***** Information given *****
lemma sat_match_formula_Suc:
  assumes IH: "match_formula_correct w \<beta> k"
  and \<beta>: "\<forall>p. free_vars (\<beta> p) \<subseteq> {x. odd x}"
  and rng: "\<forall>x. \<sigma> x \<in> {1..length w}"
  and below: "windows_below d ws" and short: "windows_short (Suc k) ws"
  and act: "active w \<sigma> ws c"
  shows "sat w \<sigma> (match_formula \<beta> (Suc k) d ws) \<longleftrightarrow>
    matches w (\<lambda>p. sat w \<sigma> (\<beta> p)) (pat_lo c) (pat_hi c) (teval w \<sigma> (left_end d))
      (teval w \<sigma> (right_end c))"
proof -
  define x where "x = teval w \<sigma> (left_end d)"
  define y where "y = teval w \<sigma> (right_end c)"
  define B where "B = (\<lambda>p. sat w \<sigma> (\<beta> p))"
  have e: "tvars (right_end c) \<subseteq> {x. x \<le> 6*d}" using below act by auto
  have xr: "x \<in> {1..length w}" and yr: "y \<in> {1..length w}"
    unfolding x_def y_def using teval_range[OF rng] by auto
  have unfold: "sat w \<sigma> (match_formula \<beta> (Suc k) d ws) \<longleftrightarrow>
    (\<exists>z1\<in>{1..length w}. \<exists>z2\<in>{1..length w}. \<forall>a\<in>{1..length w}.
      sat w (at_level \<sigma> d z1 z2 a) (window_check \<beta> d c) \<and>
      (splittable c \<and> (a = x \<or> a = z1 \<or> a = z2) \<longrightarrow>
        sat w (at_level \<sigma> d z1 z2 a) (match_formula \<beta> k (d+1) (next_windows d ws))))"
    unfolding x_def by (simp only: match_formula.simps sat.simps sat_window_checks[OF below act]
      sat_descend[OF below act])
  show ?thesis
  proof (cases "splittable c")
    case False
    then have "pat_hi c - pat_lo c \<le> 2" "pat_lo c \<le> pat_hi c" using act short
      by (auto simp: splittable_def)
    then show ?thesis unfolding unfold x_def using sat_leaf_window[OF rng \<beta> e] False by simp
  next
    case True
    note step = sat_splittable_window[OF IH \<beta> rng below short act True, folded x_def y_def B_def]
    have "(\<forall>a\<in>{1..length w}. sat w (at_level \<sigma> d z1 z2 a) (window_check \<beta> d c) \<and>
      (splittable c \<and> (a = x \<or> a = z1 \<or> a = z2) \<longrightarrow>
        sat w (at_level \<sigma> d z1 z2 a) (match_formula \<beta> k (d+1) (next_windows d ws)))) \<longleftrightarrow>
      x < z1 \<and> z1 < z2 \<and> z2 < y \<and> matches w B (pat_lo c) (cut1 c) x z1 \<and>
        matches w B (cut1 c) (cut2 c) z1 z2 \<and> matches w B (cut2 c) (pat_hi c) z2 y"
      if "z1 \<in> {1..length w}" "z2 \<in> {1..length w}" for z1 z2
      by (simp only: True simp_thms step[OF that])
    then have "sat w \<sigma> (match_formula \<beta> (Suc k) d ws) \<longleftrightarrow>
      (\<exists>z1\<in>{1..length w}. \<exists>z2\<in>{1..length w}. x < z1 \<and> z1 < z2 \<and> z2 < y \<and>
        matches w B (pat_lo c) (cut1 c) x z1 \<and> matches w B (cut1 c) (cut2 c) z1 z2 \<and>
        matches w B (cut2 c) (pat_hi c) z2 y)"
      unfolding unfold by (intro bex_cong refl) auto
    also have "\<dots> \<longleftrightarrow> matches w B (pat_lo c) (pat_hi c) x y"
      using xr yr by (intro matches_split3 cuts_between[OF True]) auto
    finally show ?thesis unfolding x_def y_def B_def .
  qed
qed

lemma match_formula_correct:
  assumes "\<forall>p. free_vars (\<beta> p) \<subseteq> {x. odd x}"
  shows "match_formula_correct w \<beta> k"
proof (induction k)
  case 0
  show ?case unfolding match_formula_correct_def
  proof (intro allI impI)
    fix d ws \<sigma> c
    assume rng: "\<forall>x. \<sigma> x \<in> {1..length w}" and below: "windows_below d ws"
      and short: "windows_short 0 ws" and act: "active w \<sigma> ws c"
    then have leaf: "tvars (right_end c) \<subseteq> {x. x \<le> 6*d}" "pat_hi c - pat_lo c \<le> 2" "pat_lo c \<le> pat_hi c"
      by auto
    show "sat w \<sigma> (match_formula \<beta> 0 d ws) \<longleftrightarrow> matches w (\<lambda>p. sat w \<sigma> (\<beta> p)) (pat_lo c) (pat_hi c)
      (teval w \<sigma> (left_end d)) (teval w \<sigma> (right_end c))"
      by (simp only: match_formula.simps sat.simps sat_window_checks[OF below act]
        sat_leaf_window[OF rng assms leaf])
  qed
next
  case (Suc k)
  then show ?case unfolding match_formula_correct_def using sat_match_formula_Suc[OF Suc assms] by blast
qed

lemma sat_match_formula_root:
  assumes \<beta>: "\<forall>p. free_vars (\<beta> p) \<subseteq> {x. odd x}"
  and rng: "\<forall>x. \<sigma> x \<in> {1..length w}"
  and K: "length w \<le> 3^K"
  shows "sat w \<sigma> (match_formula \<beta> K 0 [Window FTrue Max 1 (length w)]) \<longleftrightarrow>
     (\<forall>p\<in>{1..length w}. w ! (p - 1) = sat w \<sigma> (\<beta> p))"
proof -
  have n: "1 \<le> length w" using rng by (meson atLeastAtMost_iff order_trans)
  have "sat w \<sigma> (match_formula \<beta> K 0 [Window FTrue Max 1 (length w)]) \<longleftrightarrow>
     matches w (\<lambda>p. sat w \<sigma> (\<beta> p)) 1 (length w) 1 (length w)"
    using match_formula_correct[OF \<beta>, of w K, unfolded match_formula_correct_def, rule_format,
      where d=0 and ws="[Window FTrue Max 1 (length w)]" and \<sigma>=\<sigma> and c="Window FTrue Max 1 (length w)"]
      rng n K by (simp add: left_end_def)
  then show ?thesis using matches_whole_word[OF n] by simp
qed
*****
***** Information given *****
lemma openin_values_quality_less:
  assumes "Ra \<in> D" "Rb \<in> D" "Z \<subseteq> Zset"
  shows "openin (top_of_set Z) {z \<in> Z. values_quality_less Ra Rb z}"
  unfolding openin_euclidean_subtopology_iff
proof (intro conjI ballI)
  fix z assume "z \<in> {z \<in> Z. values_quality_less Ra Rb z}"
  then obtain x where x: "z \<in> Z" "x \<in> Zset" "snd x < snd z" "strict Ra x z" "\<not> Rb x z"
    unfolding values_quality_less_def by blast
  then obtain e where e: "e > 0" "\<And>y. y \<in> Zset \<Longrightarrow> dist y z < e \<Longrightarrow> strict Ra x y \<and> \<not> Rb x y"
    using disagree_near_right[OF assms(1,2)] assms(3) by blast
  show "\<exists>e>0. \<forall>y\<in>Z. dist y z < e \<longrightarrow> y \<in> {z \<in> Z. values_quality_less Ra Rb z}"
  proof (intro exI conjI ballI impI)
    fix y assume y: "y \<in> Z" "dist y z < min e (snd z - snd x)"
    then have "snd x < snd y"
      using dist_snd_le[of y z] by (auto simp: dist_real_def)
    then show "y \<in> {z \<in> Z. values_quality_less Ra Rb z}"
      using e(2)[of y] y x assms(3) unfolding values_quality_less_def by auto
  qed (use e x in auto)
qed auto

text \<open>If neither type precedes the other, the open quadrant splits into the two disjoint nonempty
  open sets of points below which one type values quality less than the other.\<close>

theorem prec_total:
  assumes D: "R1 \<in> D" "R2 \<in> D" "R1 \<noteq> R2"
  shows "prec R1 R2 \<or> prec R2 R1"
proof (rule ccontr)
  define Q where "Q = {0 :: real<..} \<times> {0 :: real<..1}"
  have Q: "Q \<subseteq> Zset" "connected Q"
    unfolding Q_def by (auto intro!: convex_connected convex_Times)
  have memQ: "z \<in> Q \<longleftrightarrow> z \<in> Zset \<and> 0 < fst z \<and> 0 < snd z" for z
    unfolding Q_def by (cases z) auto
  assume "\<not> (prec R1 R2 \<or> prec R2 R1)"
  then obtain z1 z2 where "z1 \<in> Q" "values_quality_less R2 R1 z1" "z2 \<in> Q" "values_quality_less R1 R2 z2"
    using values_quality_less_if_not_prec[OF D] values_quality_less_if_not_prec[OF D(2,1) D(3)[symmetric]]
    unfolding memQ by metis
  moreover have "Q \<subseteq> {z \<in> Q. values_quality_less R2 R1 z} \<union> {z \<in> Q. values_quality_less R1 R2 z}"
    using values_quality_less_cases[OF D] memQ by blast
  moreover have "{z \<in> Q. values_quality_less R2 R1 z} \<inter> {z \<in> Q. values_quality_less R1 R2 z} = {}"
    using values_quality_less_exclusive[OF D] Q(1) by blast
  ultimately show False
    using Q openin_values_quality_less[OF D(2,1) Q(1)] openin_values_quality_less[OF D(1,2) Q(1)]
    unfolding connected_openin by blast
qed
*****
#### [What the exercise asks]
If a line in the records above has the word "False", copy it out.

#### [Result below]
    case False
    then show ?thesis unfolding unfold x_def using sat_leaf_window[OF rng \<beta> e] False by simp
  ultimately show False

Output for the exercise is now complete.